Exercise description
Restate word for word the lines of the records below, starting at the line that contains "bs = concat" and ending at the line that contains "by (induction bs)", with both of those lines included and nothing else.

Information Block Start

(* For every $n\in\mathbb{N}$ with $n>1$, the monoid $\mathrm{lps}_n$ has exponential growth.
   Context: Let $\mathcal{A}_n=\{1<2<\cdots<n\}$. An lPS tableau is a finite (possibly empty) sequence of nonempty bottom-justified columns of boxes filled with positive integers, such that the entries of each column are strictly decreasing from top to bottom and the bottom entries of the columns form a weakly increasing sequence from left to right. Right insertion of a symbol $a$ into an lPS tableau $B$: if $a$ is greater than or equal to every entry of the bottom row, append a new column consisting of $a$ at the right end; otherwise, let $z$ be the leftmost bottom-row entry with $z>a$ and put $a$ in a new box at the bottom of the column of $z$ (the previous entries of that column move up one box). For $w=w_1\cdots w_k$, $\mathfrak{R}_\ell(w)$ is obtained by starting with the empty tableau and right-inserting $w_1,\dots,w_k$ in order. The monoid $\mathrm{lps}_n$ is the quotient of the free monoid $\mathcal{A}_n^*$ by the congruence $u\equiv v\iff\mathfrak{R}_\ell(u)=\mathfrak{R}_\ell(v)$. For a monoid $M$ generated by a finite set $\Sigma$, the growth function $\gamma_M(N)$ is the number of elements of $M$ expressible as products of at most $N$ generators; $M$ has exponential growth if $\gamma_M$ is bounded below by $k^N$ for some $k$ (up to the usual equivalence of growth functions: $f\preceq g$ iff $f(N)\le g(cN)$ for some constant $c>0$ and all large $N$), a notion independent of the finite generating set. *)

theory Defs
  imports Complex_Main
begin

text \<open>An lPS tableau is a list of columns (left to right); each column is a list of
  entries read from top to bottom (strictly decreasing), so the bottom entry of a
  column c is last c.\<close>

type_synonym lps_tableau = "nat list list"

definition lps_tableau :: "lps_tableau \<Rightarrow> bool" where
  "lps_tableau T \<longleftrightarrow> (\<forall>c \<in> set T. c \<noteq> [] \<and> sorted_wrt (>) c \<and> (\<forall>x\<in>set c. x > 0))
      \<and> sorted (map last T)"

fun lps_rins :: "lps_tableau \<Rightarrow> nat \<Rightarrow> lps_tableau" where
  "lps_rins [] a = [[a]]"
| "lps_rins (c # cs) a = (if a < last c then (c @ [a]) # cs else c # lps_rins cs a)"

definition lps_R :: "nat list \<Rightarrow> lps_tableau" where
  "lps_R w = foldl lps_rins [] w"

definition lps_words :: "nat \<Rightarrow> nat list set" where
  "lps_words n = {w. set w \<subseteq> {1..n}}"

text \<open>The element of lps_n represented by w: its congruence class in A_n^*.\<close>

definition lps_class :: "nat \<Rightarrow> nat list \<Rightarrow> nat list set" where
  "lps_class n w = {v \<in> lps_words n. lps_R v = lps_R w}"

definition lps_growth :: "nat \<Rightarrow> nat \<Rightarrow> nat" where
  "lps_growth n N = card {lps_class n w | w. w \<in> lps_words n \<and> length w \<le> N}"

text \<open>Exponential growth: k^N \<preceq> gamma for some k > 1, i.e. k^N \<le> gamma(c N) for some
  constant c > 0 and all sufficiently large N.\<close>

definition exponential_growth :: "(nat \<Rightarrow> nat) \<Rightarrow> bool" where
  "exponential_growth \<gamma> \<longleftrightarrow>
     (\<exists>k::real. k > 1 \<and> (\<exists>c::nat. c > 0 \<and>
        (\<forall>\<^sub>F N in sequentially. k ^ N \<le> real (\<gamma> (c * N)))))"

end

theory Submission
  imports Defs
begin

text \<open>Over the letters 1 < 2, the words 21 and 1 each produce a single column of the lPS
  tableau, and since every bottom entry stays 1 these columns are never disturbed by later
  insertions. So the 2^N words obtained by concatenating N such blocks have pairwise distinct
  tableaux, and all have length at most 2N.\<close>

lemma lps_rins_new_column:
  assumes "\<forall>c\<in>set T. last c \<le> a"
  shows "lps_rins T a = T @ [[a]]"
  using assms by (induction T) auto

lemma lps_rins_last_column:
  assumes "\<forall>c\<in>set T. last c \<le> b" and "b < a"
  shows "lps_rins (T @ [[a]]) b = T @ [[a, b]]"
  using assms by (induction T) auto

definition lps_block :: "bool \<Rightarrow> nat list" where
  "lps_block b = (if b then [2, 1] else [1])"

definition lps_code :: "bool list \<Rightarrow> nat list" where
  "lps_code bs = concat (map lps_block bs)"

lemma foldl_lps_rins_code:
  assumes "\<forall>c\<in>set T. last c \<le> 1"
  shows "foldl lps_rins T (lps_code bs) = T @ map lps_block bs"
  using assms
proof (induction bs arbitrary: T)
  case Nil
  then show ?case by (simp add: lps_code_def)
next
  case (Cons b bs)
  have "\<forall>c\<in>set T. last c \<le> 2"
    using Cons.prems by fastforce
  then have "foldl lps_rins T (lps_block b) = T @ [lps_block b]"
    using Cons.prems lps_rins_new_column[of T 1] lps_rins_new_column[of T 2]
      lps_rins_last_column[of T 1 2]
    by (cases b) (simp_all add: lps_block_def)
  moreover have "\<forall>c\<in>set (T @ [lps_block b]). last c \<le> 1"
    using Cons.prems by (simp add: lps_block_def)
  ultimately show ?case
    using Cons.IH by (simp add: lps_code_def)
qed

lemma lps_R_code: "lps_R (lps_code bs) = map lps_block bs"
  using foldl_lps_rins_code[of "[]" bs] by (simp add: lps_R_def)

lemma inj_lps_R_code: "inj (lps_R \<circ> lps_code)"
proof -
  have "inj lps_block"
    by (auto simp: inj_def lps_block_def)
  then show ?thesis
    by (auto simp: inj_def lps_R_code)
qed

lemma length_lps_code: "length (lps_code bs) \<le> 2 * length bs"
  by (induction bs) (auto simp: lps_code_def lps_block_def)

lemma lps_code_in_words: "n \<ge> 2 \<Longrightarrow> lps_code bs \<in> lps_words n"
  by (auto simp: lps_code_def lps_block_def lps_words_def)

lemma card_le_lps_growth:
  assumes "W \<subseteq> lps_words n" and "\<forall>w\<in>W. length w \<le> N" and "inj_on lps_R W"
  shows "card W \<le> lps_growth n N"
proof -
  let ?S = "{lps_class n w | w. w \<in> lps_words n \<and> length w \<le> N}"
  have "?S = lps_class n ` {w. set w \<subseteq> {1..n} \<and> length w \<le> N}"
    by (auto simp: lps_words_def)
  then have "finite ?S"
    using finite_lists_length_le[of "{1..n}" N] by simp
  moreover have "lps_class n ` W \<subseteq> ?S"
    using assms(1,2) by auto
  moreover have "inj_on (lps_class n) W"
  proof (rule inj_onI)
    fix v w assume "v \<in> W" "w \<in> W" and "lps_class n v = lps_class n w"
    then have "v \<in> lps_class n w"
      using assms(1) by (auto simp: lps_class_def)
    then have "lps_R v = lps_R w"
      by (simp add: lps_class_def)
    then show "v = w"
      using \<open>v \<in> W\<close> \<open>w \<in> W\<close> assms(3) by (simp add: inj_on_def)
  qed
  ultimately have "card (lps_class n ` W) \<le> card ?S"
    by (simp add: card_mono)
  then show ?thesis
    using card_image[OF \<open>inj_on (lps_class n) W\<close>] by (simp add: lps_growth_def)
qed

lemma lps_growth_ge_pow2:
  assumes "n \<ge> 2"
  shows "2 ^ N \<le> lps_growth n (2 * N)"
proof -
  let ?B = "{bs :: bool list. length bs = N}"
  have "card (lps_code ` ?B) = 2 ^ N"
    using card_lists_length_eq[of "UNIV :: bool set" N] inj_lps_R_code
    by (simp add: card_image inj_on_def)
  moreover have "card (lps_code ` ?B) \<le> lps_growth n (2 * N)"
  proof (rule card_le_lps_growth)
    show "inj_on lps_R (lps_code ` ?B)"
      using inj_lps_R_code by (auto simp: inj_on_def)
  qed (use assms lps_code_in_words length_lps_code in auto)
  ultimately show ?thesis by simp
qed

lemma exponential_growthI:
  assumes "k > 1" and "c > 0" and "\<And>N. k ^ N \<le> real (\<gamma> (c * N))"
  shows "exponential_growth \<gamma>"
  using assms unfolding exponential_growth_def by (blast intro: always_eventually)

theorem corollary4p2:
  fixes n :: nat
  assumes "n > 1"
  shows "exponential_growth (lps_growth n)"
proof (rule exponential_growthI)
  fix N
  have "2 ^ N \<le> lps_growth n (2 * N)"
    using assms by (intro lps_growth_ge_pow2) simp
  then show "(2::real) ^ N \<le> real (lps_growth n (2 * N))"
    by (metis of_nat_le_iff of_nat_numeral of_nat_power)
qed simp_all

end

Information Block End

Response to this task
  "lps_code bs = concat (map lps_block bs)"

lemma foldl_lps_rins_code:
  assumes "\<forall>c\<in>set T. last c \<le> 1"
  shows "foldl lps_rins T (lps_code bs) = T @ map lps_block bs"
  using assms
proof (induction bs arbitrary: T)
  case Nil
  then show ?case by (simp add: lps_code_def)
next
  case (Cons b bs)
  have "\<forall>c\<in>set T. last c \<le> 2"
    using Cons.prems by fastforce
  then have "foldl lps_rins T (lps_block b) = T @ [lps_block b]"
    using Cons.prems lps_rins_new_column[of T 1] lps_rins_new_column[of T 2]
      lps_rins_last_column[of T 1 2]
    by (cases b) (simp_all add: lps_block_def)
  moreover have "\<forall>c\<in>set (T @ [lps_block b]). last c \<le> 1"
    using Cons.prems by (simp add: lps_block_def)
  ultimately show ?case
    using Cons.IH by (simp add: lps_code_def)
qed

lemma lps_R_code: "lps_R (lps_code bs) = map lps_block bs"
  using foldl_lps_rins_code[of "[]" bs] by (simp add: lps_R_def)

lemma inj_lps_R_code: "inj (lps_R \<circ> lps_code)"
proof -
  have "inj lps_block"
    by (auto simp: inj_def lps_block_def)
  then show ?thesis
    by (auto simp: inj_def lps_R_code)
qed

lemma length_lps_code: "length (lps_code bs) \<le> 2 * length bs"
  by (induction bs) (auto simp: lps_code_def lps_block_def)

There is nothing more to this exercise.